For the foregoing reasons, the Court should issue an order voiding the determination of plaintiff’s March 1985 disciplinary proceeding, expunging such determination from his prison disciplinary record, awarding damages suffered as a direct result of that improper disciplinary proceeding, or for such other relief as the Court may deem just and proper.


Dated:  New York, New York

June 16, 1988


Respectfully submitted,






Daniel H. Weiner

One Wall Street

New York, New York 10005

(212) 709-7000

Attorneys for Plaintiff

Raul Soto

[1].          Although Directive 4937 was revised in 1988, the provisions quoted above remain unchanged. N.Y. Comp. Codes R. & Regs. tit. vii § 1020.4(e)(2).

[2] .         See  N.Y. Comp.

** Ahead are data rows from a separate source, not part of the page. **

(* Let $f(z)=\sum_{k\ge0}f_kz^k$ be holomorphic on the open unit disk, $0<r<1$, and let $N(n)$ be an increasing sequence of integers with $N(n)/n\to\infty$ such that for each $n$ there are $P_n\in\mathcal P_n$ and $Q_n\in\mathcal P_1$, $Q_n\neq0$, with $Q_nf-P_n$ having at least $N(n)$ zeros in $\overline\Delta_r$, normalized so that $Q_n(z)=\alpha_nz-1$ with $\alpha_n\in\mathbb C$ or $Q_n(z)=z$ (written $\alpha_n=\infty$). Let $\rho=1/\limsup_k|f_k|^{1/k}\ge1$ be the radius of convergence of the Taylor series of $f$ at $0$. Then $\limsup_{n\to\infty}|\alpha_n|\ge1/\rho$.
   Context: $\mathcal P_n$ is the space of complex polynomials of degree at most $n$; zeros are counted with multiplicity; $|\infty|=\infty$ and $1/\infty=0$. *)

theory Defs
  imports "HOL-Complex_Analysis.Complex_Analysis" "HOL-Computational_Algebra.Polynomial"
begin

text \<open>g has at least m zeros in S, counted with multiplicity: there are finitely
  many distinct points z in S and multiplicities mult z such that g and its
  derivatives of order < mult z vanish at z, with total multiplicity at least m.\<close>
definition zeros_at_least :: "(complex \<Rightarrow> complex) \<Rightarrow> complex set \<Rightarrow> int \<Rightarrow> bool" where
  "zeros_at_least g S m \<longleftrightarrow>
     (\<exists>A mult. finite A \<and> A \<subseteq> S \<and>
        (\<forall>z\<in>A. \<forall>j<mult z. (deriv ^^ j) g z = 0) \<and> int (sum mult A) \<ge> m)"

text \<open>Normalized degree-one denominator: Some a gives a z - 1, None (alpha = infinity) gives z.\<close>
definition Qpoly :: "complex option \<Rightarrow> complex poly" where
  "Qpoly a = (case a of Some c \<Rightarrow> [:-1, c:] | None \<Rightarrow> [:0, 1:])"

definition absalpha :: "complex option \<Rightarrow> ereal" where
  "absalpha a = (case a of Some c \<Rightarrow> ereal (norm c) | None \<Rightarrow> \<infinity>)"

definition taylor_coeff :: "(complex \<Rightarrow> complex) \<Rightarrow> nat \<Rightarrow> complex" where
  "taylor_coeff f k = (deriv ^^ k) f 0 / of_nat (fact k)"

end

theory Submission
  imports Defs
begin

text \<open>
  Suppose limsup |alpha_n| < a0 < a < 1/rho. For large n the function
  g_n = (alpha_n z - 1) f - P_n has at least N(n) zeros in the disc of radius r. Dividing them
  out by Blaschke factors of a disc of radius R in (r, 1) shows that on the small disc g_n is at
  most delta^N(n) times its maximum on |z| = R, for a fixed delta < 1. As P_n has degree n, its
  maximum on |z| = R exceeds that on |z| = r by at most the factor (n + 1) (R/r)^n, so
  N(n)/n -> infinity makes g_n geometrically small on the small disc. The coefficient of z^(n+1)
  in g_n is alpha_n f_n - f_(n+1), and Cauchy's estimate yields
  |f_(n+1)| <= a0 |f_n| + (a - a0) a^n for large n. Hence f_n = O(a^n) and rho >= 1/a,
  a contradiction.
\<close>

section \<open>Taylor coefficients\<close>

lemma taylor_coeff_eq_fps_nth:
  assumes "f has_fps_expansion F"
  shows "taylor_coeff f k = fps_nth F k"
  using fps_nth_fps_expansion[OF assms] by (simp add: taylor_coeff_def)

lemma has_fps_expansion_poly: "poly p has_fps_expansion fps_of_poly p"
proof -
  have "eval_fps (fps_of_poly p) = poly p" by (rule ext) simp
  then show ?thesis using eval_fps_has_fps_expansion[of "fps_of_poly p"] by simp
qed

lemma taylor_coeff_poly: "taylor_coeff (poly p) k = coeff p k"
  by (simp add: taylor_coeff_eq_fps_nth[OF has_fps_expansion_poly])

lemma taylor_coeff_Suc_linear_mult_minus_poly:
  assumes "f holomorphic_on U" "open U" "0 \<in> U" "degree p \<le> n"
  shows "taylor_coeff (\<lambda>z. poly [:-1, c:] z * f z - poly p z) (Suc n)
           = c * taylor_coeff f n - taylor_coeff f (Suc n)"
proof -
  define F where "F = fps_expansion f 0"
  have f: "f has_fps_expansion F"
    unfolding F_def using assms by blast
  then have "(\<lambda>z. poly [:-1, c:] z * f z - poly p z)
      has_fps_expansion fps_of_poly [:-1, c:] * F - fps_of_poly p"
    by (intro has_fps_expansion_diff has_fps_expansion_mult has_fps_expansion_poly)
  then have "taylor_coeff (\<lambda>z. poly [:-1, c:] z * f z - poly p z) (Suc n)
      = fps_nth (fps_of_poly [:-1, c:] * F) (Suc n)"
    using assms(4) by (simp add: taylor_coeff_eq_fps_nth coeff_eq_0)
  also have "\<dots> = c * fps_nth F n - fps_nth F (Suc n)"
    by (simp add: fps_of_poly_pCons distrib_right mult.assoc fps_X_mult_nth)
  finally show ?thesis using f by (simp add: taylor_coeff_eq_fps_nth)
qed

lemma norm_taylor_coeff_le:
  assumes "g holomorphic_on ball 0 r" "continuous_on (cball 0 r) g" "0 < r"
    and "\<And>w. cmod w = r \<Longrightarrow> cmod (g w) \<le> B"
  shows "cmod (taylor_coeff g k) \<le> B / r ^ k"
proof -
  have "cmod ((deriv ^^ k) g 0) \<le> fact k * B / r ^ k"
    by (rule Cauchy_inequality) (use assms in auto)
  then show ?thesis
    by (simp add: taylor_coeff_def norm_divide divide_le_eq field_simps)
qed

lemma norm_poly_le_of_circle_bound:
  fixes p :: "complex poly"
  assumes r: "0 < r" "r \<le> R" and deg: "degree p \<le> n"
    and bound: "\<And>w. cmod w = r \<Longrightarrow> cmod (poly p w) \<le> B" and z: "cmod z \<le> R"
  shows "cmod (poly p z) \<le> real (Suc n) * (R / r) ^ n * B"
proof -
  have coeff_le: "cmod (coeff p k) \<le> B / r ^ k" for k
    using norm_taylor_coeff_le[of "poly p" r B k] r bound
    by (simp add: taylor_coeff_poly continuous_intros holomorphic_intros)
  have B: "0 \<le> B"
    using r by (intro order_trans[OF norm_ge_zero bound[of "of_real r"]]) simp
  have "poly p z = (\<Sum>i\<le>n. coeff p i * z ^ i)"
    using deg by (auto simp: poly_altdef coeff_eq_0 le_degree intro!: sum.mono_neutral_left)
  then have "cmod (poly p z) \<le> (\<Sum>i\<le>n. cmod (coeff p i) * cmod z ^ i)"
    by (simp add: norm_sum norm_mult norm_power sum_norm_le)
  also have "\<dots> \<le> (\<Sum>i\<le>n. (R / r) ^ n * B)"
  proof (rule sum_mono)
    fix i assume i: "i \<in> {..n}"
    have "cmod (coeff p i) * cmod z ^ i \<le> B / r ^ i * R ^ i"
      using coeff_le B z r by (intro mult_mono power_mono) auto
    also have "\<dots> = (R / r) ^ i * B"
      by (simp add: power_divide)
    also have "\<dots> \<le> (R / r) ^ n * B"
      using i r B by (intro mult_right_mono power_increasing) auto
    finally show "cmod (coeff p i) * cmod z ^ i \<le> (R / r) ^ n * B" .
  qed
  finally show ?thesis by simp
qed

section \<open>Zeros counted with multiplicity\<close>

lemma higher_deriv_mult_eq_0:
  fixes g u :: "complex \<Rightarrow> complex"
  assumes "g holomorphic_on U" "u holomorphic_on U" "open U" "b \<in> U"
    and "\<forall>i<m. (deriv ^^ i) g b = 0" "j < m"
  shows "(deriv ^^ j) (\<lambda>w. g w * u w) b = 0"
  using assms by (subst higher_deriv_mult[OF assms(1-4)]) (auto intro!: sum.neutral)

lemma higher_deriv_Suc_linear_mult_at_root:
  fixes h :: "complex \<Rightarrow> complex"
  assumes "h holomorphic_on U" "open U" "a \<in> U"
  shows "(deriv ^^ Suc j) (\<lambda>w. (w - a) * h w) a = of_nat (Suc j) * (deriv ^^ j) h a"
proof -
  have lin: "(deriv ^^ i) (\<lambda>w. w - a) w = (if i = 0 then w - a else if i = 1 then 1 else 0)"
    for i w
  proof (cases i)
    case (Suc k)
    have "deriv (\<lambda>w. w - a) = (\<lambda>w. 1)"
      by (rule ext, rule DERIV_imp_deriv) (auto intro!: derivative_eq_intros)
    then show ?thesis using Suc by (simp add: funpow_Suc_right del: funpow.simps)
  qed simp
  have "(deriv ^^ Suc j) (\<lambda>w. (w - a) * h w) a
      = (\<Sum>i = 0..Suc j. of_nat (Suc j choose i) * (deriv ^^ i) (\<lambda>w. w - a) a
                           * (deriv ^^ (Suc j - i)) h a)"
    by (rule higher_deriv_mult[OF _ assms]) (intro holomorphic_intros)
  also have "\<dots> = of_nat (Suc j) * (deriv ^^ j) h a"
    by (simp only: sum.atLeast0_atMost_Suc_shift lin)
      (simp add: mult_delta_right mult_delta_left sum.delta del: funpow.simps binomial_Suc_Suc)
  finally show ?thesis .
qed

lemma zeros_at_least_mult:
  assumes "g holomorphic_on U" "u holomorphic_on U" "open U" "S \<subseteq> U"
    and "zeros_at_least g S m"
  shows "zeros_at_least (\<lambda>w. g w * u w) S m"
proof -
  obtain A \<mu> where A: "finite A" "A \<subseteq> S" "m \<le> int (sum \<mu> A)"
    and vanish: "\<forall>z\<in>A. \<forall>j<\<mu> z. (deriv ^^ j) g z = 0"
    using assms(5) unfolding zeros_at_least_def by blast
  have "(deriv ^^ j) (\<lambda>w. g w * u w) z = 0" if "z \<in> A" "j < \<mu> z" for z j
    by (rule higher_deriv_mult_eq_0[OF assms(1-3)]) (use A vanish that assms(4) in auto)
  then show ?thesis
    unfolding zeros_at_least_def using A by (intro exI[of _ A] exI[of _ \<mu>]) auto
qed
(* Let $J=\{j_0,\dots,j_{p-1}\}\subset\mathbf Z_p$ with $j_i\equiv i\pmod p$ for all $i$, and let $v_r$ be a basis of the one-dimensional representation $(\omega^r\otimes1)\otimes(\chi\circ\det)$ of $\mathrm B\cap\mathrm K\mathrm Z$. (1) If $r=0$: $\pi_W\Big(\begin{pmatrix}1&0\\0&p\end{pmatrix}[1,v_0]+\sum_{j\in J}\begin{pmatrix}p&j\\0&1\end{pmatrix}[1,v_0]\Big)=0$. (2) If $r\ge1$: $\pi_W\Big(\sum_{j\in J}(-j)^k\begin{pmatrix}p&j\\0&1\end{pmatrix}[1,v_r]\Big)=0$ for every $k\in\{0,\dots,r-1\}$. (3) If $r\ge1$ and $\lambda_0,\dots,\lambda_{p-1}\in k$ satisfy $\sum_{i=0}^{p-1}i^\ell\lambda_i=0$ for all $0\le\ell\le r-1$, then $$\pi_W\Big(\sum_{i=0}^{p-1}\lambda_ii^r[1,v_r]+\sum_{i=0}^{p-1}\lambda_i\begin{pmatrix}1&i\\0&1\end{pmatrix}\begin{pmatrix}1&0\\0&p^{-1}\end{pmatrix}\sum_{j\in J}(-j)^r\begin{pmatrix}p&j\\0&1\end{pmatrix}[1,v_r]\Big)=0.$$
   Context: $p$ prime, $k$ finite extension of $\mathbf F_p$, $r\in\{0,\dots,p-1\}$, $\chi=\omega^s\mu_\lambda$ ($\lambda\in k^\times$), also viewed as characters of $\mathbf Q_p^\times$: $\omega(a)=ap^{-\mathrm{val}(a)}\bmod p$, $\mu_\lambda(a)=\lambda^{\mathrm{val}(a)}$. $\mathrm G=\mathrm{GL}_2(\mathbf Q_p)$, $\mathrm B$ upper triangular Borel, $\mathrm K=\mathrm{GL}_2(\mathbf Z_p)$, $\mathrm Z$ the centre. $\omega^r\otimes1$ is the character $\begin{pmatrix}a&b\\0&d\end{pmatrix}\mapsto\omega^r(a)$ of $\mathrm B\cap\mathrm K\mathrm Z$. For a representation $V$ of $\mathrm B\cap\mathrm K\mathrm Z$, $\mathrm{ind}_{\mathrm B\cap\mathrm K\mathrm Z}^{\mathrm B}V$ is compact induction and $[b,v]$ the function with $[b,v](g)=gb\cdot v$ if $gb\in\mathrm B\cap\mathrm K\mathrm Z$, $0$ otherwise; $\mathrm B$ acts by right translation ($b'\cdot[b,v]=[b'b,v]$). $W=\rho(r,\chi)=\mathrm{ind}(\omega_2^{r+1})\otimes\chi$, with $\mathrm{ind}(\omega_2^{r+1})$ the irreducible 2-dimensional representation of $\mathcal G_{\mathbf Q_p}$ with determinant $\omega^{r+1}$ and restriction to inertia $\omega_2^{r+1}\oplus\omega_2^{p(r+1)}$. $\mathrm D(W)$ is its étale $(\phi,\Gamma)$-module over $k(\!(X)\!)$ ($\phi(X)=(1+X)^p-1$, $\gamma(X)=(1+X)^{\chi_{\mathrm{cycl}}(\gamma)}-1$), with basis $e,f$: $\phi(e)=\lambda f$, $\phi(f)=-\lambda X^{-(r+1)(p-1)}e$, $\gamma(e)=\omega(\gamma)^sf_\gamma^{(r+1)/(p+1)}e$, $\gamma(f)=\omega(\gamma)^sf_\gamma^{p(r+1)/(p+1)}f$, $f_\gamma(X)=\omega(\gamma)X/\gamma(X)$. $\psi$: on $k(\!(X)\!)$, $\psi(\sum_{i=0}^{p-1}(1+X)^i\phi(a_i))=a_0$; on $\mathrm D(W)$, $\psi(\sum a_i\phi(d_i))=\sum\psi(a_i)d_i$. $\mathrm D^\sharp(W)=k[\![X]\!]e\oplus X^rk[\![X]\!]f$ (Colmez's largest $\psi$-stable lattice on which $\psi$ is surjective). $\varprojlim_\psi\mathrm D^\sharp(W)$ = sequences $(v_i)_{i\ge0}$ in $\mathrm D^\sharp(W)$ with $\psi(v_{i+1})=v_i$, with $\mathrm B$-action: $(\mathrm{diag}(x,x)\star v)_i=(\omega^r\chi^2)^{-1}(x)v_i$; $(\mathrm{diag}(1,p^j)\star v)_i=v_{i-j}$ (i.e. $\psi^{j-i}(v_0)$ if $i<j$); $(\mathrm{diag}(1,a)\star v)_i=\gamma_a^{-1}(v_i)$ for $a\in\mathbf Z_p^\times$ with $\chi_{\mathrm{cycl}}(\gamma_a)=a$; $(\begin{pmatrix}1&z\\0&1\end{pmatrix}\star v)_i=\psi^j((1+X)^{p^{i+j}z}v_{i+j})$ for $i+j\ge-\mathrm{val}(z)$. $\Omega(W)$ is its continuous $k$-dual with $(g\star\theta)(y)=\theta(g^{-1}\star y)$. $\theta\in\Omega(W)$ is $y\mapsto\alpha_0(0)$ where $y_0=\alpha_0e+\beta_0X^rf$; it satisfies $b\star\theta=\chi(ad)\omega^r(a)\theta$ for $b=\begin{pmatrix}a&*\\0&d\end{pmatrix}\in\mathrm B\cap\mathrm K\mathrm Z$. $\pi_W:\mathrm{ind}_{\mathrm B\cap\mathrm K\mathrm Z}^{\mathrm B}(\omega^r\otimes1)\otimes(\chi\circ\det)\to\Omega(W)$ is the $\mathrm B$-equivariant map with $\pi_W([1,v_r])=\theta$. *)

theory Defs
  imports "HOL-Computational_Algebra.Formal_Laurent_Series" "HOL-Library.Product_Plus"
begin
definition chain_map :: "'r ring \<Rightarrow> (int \<Rightarrow> ('r, 'a) module) \<Rightarrow> (int \<Rightarrow> 'a \<Rightarrow> 'a)
     \<Rightarrow> (int \<Rightarrow> ('r, 'b) module) \<Rightarrow> (int \<Rightarrow> 'b \<Rightarrow> 'b) \<Rightarrow> (int \<Rightarrow> 'a \<Rightarrow> 'b) \<Rightarrow> bool" where
  "chain_map R C dC D dD f \<longleftrightarrow> (\<forall>n. f n \<in> lmod_hom R (C n) (D n) \<and>
      (\<forall>x\<in>carrier (C n). f (n - 1) (dC n x) = dD n (f n x)))"

definition cycles :: "(int \<Rightarrow> ('r, 'a) module) \<Rightarrow> (int \<Rightarrow> 'a \<Rightarrow> 'a) \<Rightarrow> int \<Rightarrow> ('r, 'a) module" where
  "cycles C d n = (C n)\<lparr> carrier := {x \<in> carrier (C n). d n x = zero (C (n - 1))} \<rparr>"

definition exact_complex :: "'r ring \<Rightarrow> (int \<Rightarrow> ('r, 'a) module) \<Rightarrow> (int \<Rightarrow> 'a \<Rightarrow> 'a) \<Rightarrow> bool" where
  "exact_complex R C d \<longleftrightarrow> is_complex R C d \<and>
     (\<forall>n. carrier (cycles C d n) = d (n + 1) ` carrier (C (n + 1)))"

definition bounded_below :: "(int \<Rightarrow> ('r, 'a) module) \<Rightarrow> bool" where
  "bounded_below C \<longleftrightarrow> (\<exists>b. \<forall>n\<le>b. carrier (C n) = {zero (C n)})"

text \<open>Free complex on a graded set X: the direct sum of disks D^n(R^(X_n)),
  i.e. F_n = R^(X_n) + R^(X_(n+1)) with d_n(a,b) = (0,a).\<close>
definition free_cplx :: "'r ring \<Rightarrow> (int \<Rightarrow> 'q set) \<Rightarrow> int \<Rightarrow> ('r, ('q \<Rightarrow> 'r) \<times> ('q \<Rightarrow> 'r)) module" where
  "free_cplx R X n = prod_mod (free_mod R (X n)) (free_mod R (X (n + 1)))"

definition free_cplx_d :: "'r ring \<Rightarrow> int \<Rightarrow> ('q \<Rightarrow> 'r) \<times> ('q \<Rightarrow> 'r) \<Rightarrow> ('q \<Rightarrow> 'r) \<times> ('q \<Rightarrow> 'r)" where
  "free_cplx_d R n u = ((\<lambda>x. zero R), fst u)"

text \<open>Projective object of C(R): a direct summand of a free complex.\<close>
definition projective_cplx :: "'r ring \<Rightarrow> (int \<Rightarrow> ('r, 'q) module) \<Rightarrow> (int \<Rightarrow> 'q \<Rightarrow> 'q) \<Rightarrow> bool" where
  "projective_cplx R Q dQ \<longleftrightarrow> is_complex R Q dQ \<and>
     (\<exists>X :: int \<Rightarrow> 'q set. \<exists>\<pi> \<sigma>.
        chain_map R (free_cplx R X) (free_cplx_d R) Q dQ \<pi> \<and>
        chain_map R Q dQ (free_cplx R X) (free_cplx_d R) \<sigma> \<and>
        (\<forall>n. \<forall>x\<in>carrier (Q n). \<pi> n (\<sigma> n x) = x))"

end

(* Let e_n : R^(N_n) -> N_n be the canonical surjection from the free module on the underlying
   set of N_n. Since M is bounded below, maps a_n : M_n -> R^(N_(n+1)) with
     f_n = e_n a_(n-1) d + d e_(n+1) a_n
   are built by induction on n: the difference f_n - e_n a_(n-1) d takes values in
   Z_n(N) = d(N_(n+1)), so by hypothesis it factors through a projective module, and a
   projective module lifts along the surjection d e_(n+1) : R^(N_(n+1)) -> Z_n(N).
   Thus e_(n+1) a_n is a null-homotopy of f whose components factor through free modules, and
   f factors through the free complex of disks on the R^(N_n), via x |-> (a_(n-1)(d x), a_n x)
   and (u, v) |-> e_n u + d e_(n+1) v. *)

theory Submission
  imports Defs
begin

section \<open>Left modules\<close>

locale lmodule = R?: ring R + M?: abelian_group M
  for R :: "'r ring" and M :: "('r, 'a) module" +
  assumes scalar_axioms: "module_axioms R M"

lemma left_module_iff_lmodule: "left_module R M \<longleftrightarrow> lmodule R M"
  by (auto simp: left_module_def lmodule_def lmodule_axioms_def)

context lmodule
begin

lemma smult_closed [simp, intro]: "a \<in> carrier R \<Longrightarrow> x \<in> carrier M \<Longrightarrow> a \<odot>\<^bsub>M\<^esub> x \<in> carrier M"
  using scalar_axioms by (simp add: module_axioms_def)

lemma smult_l_distr:
  "a \<in> carrier R \<Longrightarrow> b \<in> carrier R \<Longrightarrow> x \<in> carrier M \<Longrightarrow>
   (a \<oplus>\<^bsub>R\<^esub> b) \<odot>\<^bsub>M\<^esub> x = a \<odot>\<^bsub>M\<^esub> x \<oplus>\<^bsub>M\<^esub> b \<odot>\<^bsub>M\<^esub> x"
  using scalar_axioms by (simp add: module_axioms_def)

lemma smult_r_distr:
  "a \<in> carrier R \<Longrightarrow> x \<in> carrier M \<Longrightarrow> y \<in> carrier M \<Longrightarrow>
   a \<odot>\<^bsub>M\<^esub> (x \<oplus>\<^bsub>M\<^esub> y) = a \<odot>\<^bsub>M\<^esub> x \<oplus>\<^bsub>M\<^esub> a \<odot>\<^bsub>M\<^esub> y"
  using scalar_axioms by (simp add: module_axioms_def)

lemma smult_assoc1:
  "a \<in> carrier R \<Longrightarrow> b \<in> carrier R \<Longrightarrow> x \<in> carrier M \<Longrightarrow>
   (a \<otimes>\<^bsub>R\<^esub> b) \<odot>\<^bsub>M\<^esub> x = a \<odot>\<^bsub>M\<^esub> (b \<odot>\<^bsub>M\<^esub> x)"
  using scalar_axioms by (simp add: module_axioms_def)

lemma smult_one [simp]: "x \<in> carrier M \<Longrightarrow> \<one>\<^bsub>R\<^esub> \<odot>\<^bsub>M\<^esub> x = x"
  using scalar_axioms by (simp add: module_axioms_def)

lemma smult_r_null [simp]: "a \<in> carrier R \<Longrightarrow> a \<odot>\<^bsub>M\<^esub> \<zero>\<^bsub>M\<^esub> = \<zero>\<^bsub>M\<^esub>"
  using smult_r_distr[of a "\<zero>\<^bsub>M\<^esub>" "\<zero>\<^bsub>M\<^esub>"] by (simp add: M.add.r_cancel_one')

lemma smult_l_null [simp]: "x \<in> carrier M \<Longrightarrow> \<zero>\<^bsub>R\<^esub> \<odot>\<^bsub>M\<^esub> x = \<zero>\<^bsub>M\<^esub>"
  using smult_l_distr[of "\<zero>\<^bsub>R\<^esub>" "\<zero>\<^bsub>R\<^esub>" x] by (simp add: M.add.r_cancel_one')
(* Let $f\in\mathcal A_C$ and $g\in L^1$, and define $F(x)=\int_{-\infty}^xf$ and $G(x)=\int_{-\infty}^xg$. Then $f*G\in C^0(\overline{\mathbb R})$ and $f*G(x)=F*g(x)$ for all $x\in\mathbb R$, where $F*g(x)=\int_{-\infty}^\infty F(x-y)g(y)\,dy$ is a Lebesgue integral.
   Context: $C^0(\overline{\mathbb R})$: continuous $F:\mathbb R\to\mathbb R$ with finite limits $F(\pm\infty)$. $\mathcal B_C=\{F\in C^0(\overline{\mathbb R}):F(-\infty)=0\}$; $\mathcal A_C=\{f\in\mathcal D'(\mathbb R): f=F'\text{ (distributional derivative) for some } F\in\mathcal B_C\}$, the primitive being unique, $\int_a^bf=F(b)-F(a)$. Note $G$ is absolutely continuous and of bounded variation. For $h\in\mathcal A_C$ with primitive $H$ and $g$ of bounded variation, $\int_{-\infty}^\infty hg=H(\infty)g(\infty)-\int_{-\infty}^\infty H\,dg$ (Henstock–Stieltjes). For $f\in\mathcal A_C$ with primitive $F$, $f(x-\cdot)$ is the element of $\mathcal A_C$ with primitive $y\mapsto F(\infty)-F(x-y)$, and for $G$ of bounded variation $f*G(x)=\int_{-\infty}^\infty f(x-y)G(y)\,dy$ is the product integral of $f(x-\cdot)$ and $G$. *)

theory Defs
  imports "HOL-Analysis.Analysis"
begin

text \<open>C^0 of the extended real line: continuous with finite limits at both infinities.\<close>
definition C0_ext :: "(real \<Rightarrow> real) \<Rightarrow> bool" where
  "C0_ext F \<longleftrightarrow> continuous_on UNIV F \<and> (\<exists>l. (F \<longlongrightarrow> l) at_top) \<and> (\<exists>l. (F \<longlongrightarrow> l) at_bot)"

definition B_C :: "(real \<Rightarrow> real) \<Rightarrow> bool" where
  "B_C F \<longleftrightarrow> C0_ext F \<and> (F \<longlongrightarrow> 0) at_bot"

definition hs_has_integral_on :: "(real \<Rightarrow> real) \<Rightarrow> (real \<Rightarrow> real) \<Rightarrow> real \<Rightarrow> real \<Rightarrow> real \<Rightarrow> bool" where
  "hs_has_integral_on h g a b I \<longleftrightarrow>
     (\<forall>e>0. \<exists>\<gamma>. gauge \<gamma> \<and>
        (\<forall>p. p tagged_division_of {a..b} \<and> \<gamma> fine p \<longrightarrow>
             \<bar>(\<Sum>(t,K)\<in>p. h t * (g (Sup K) - g (Inf K))) - I\<bar> < e))"

definition hs_integral_on :: "(real \<Rightarrow> real) \<Rightarrow> (real \<Rightarrow> real) \<Rightarrow> real \<Rightarrow> real \<Rightarrow> real" where
  "hs_integral_on h g a b = (THE I. hs_has_integral_on h g a b I)"

definition hs_has_integral_R :: "(real \<Rightarrow> real) \<Rightarrow> (real \<Rightarrow> real) \<Rightarrow> real \<Rightarrow> bool" where
  "hs_has_integral_R h g I \<longleftrightarrow>
     (\<forall>a b. a \<le> b \<longrightarrow> (\<exists>J. hs_has_integral_on h g a b J)) \<and>
     ((\<lambda>(a,b). hs_integral_on h g a b) \<longlongrightarrow> I) (at_bot \<times>\<^sub>F at_top)"

definition hs_integral_R :: "(real \<Rightarrow> real) \<Rightarrow> (real \<Rightarrow> real) \<Rightarrow> real" where
  "hs_integral_R h g = (THE I. hs_has_integral_R h g I)"

text \<open>Primitive of the reflected distribution f(x - .), where F is the primitive of f.\<close>
definition refl_prim :: "(real \<Rightarrow> real) \<Rightarrow> real \<Rightarrow> real \<Rightarrow> real" where
  "refl_prim F x = (\<lambda>y. Lim at_top F - F (x - y))"

text \<open>Convolution f*G of f in A_C (given by its primitive F) with G of bounded variation,
  as the product integral: H(oo) G(oo) - int H dG.\<close>
definition conv_AC :: "(real \<Rightarrow> real) \<Rightarrow> (real \<Rightarrow> real) \<Rightarrow> real \<Rightarrow> real" where
  "conv_AC F G x = Lim at_top (refl_prim F x) * Lim at_top G - hs_integral_R (refl_prim F x) G"

end

theory Submission
  imports Defs
begin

Codes R. & Regs. tit. vii § 1020.4(f).

[3]           See N.Y. Comp. Codes R. & Regs. tit. vii § 1020.5(b).

[4]           This Court (per Weinfeld, J.) has stated in dicta that Mr. Soto’s pro se complaint fails to articulate a Fourth Amendment claim. Soto v. Coughlin, 666 F. Supp. 634, 635 n.1 (S.D.N.Y. 1987). Plaintiff respectfully disagrees. The complaint herein details the facts underlying Mr. Soto’s assertion of an unreasonable search and seizure:

The demand by Downstate personnel for Mr. Soto’s urine upon his return from furlough, the taking of a urine specimen, the testing of that specimen, and the punishment meted out to Mr. Soto as a result. Complaint at 1-2. Since pro se complaints are to be interpreted liberally, see Haines v. Kerner, 404 U.S. 519, 520-21 (1972), assertion of a Fourth Amendment violation should fairly be read from the complaint. Moreover, Mr. Soto’s federal due process claims involve the exact same factual predicate as his Fourth Amendment claims.

[5]           See N.Y. Comp. Codes R. & Regs. tit. vii § 1020.4(e)(iv).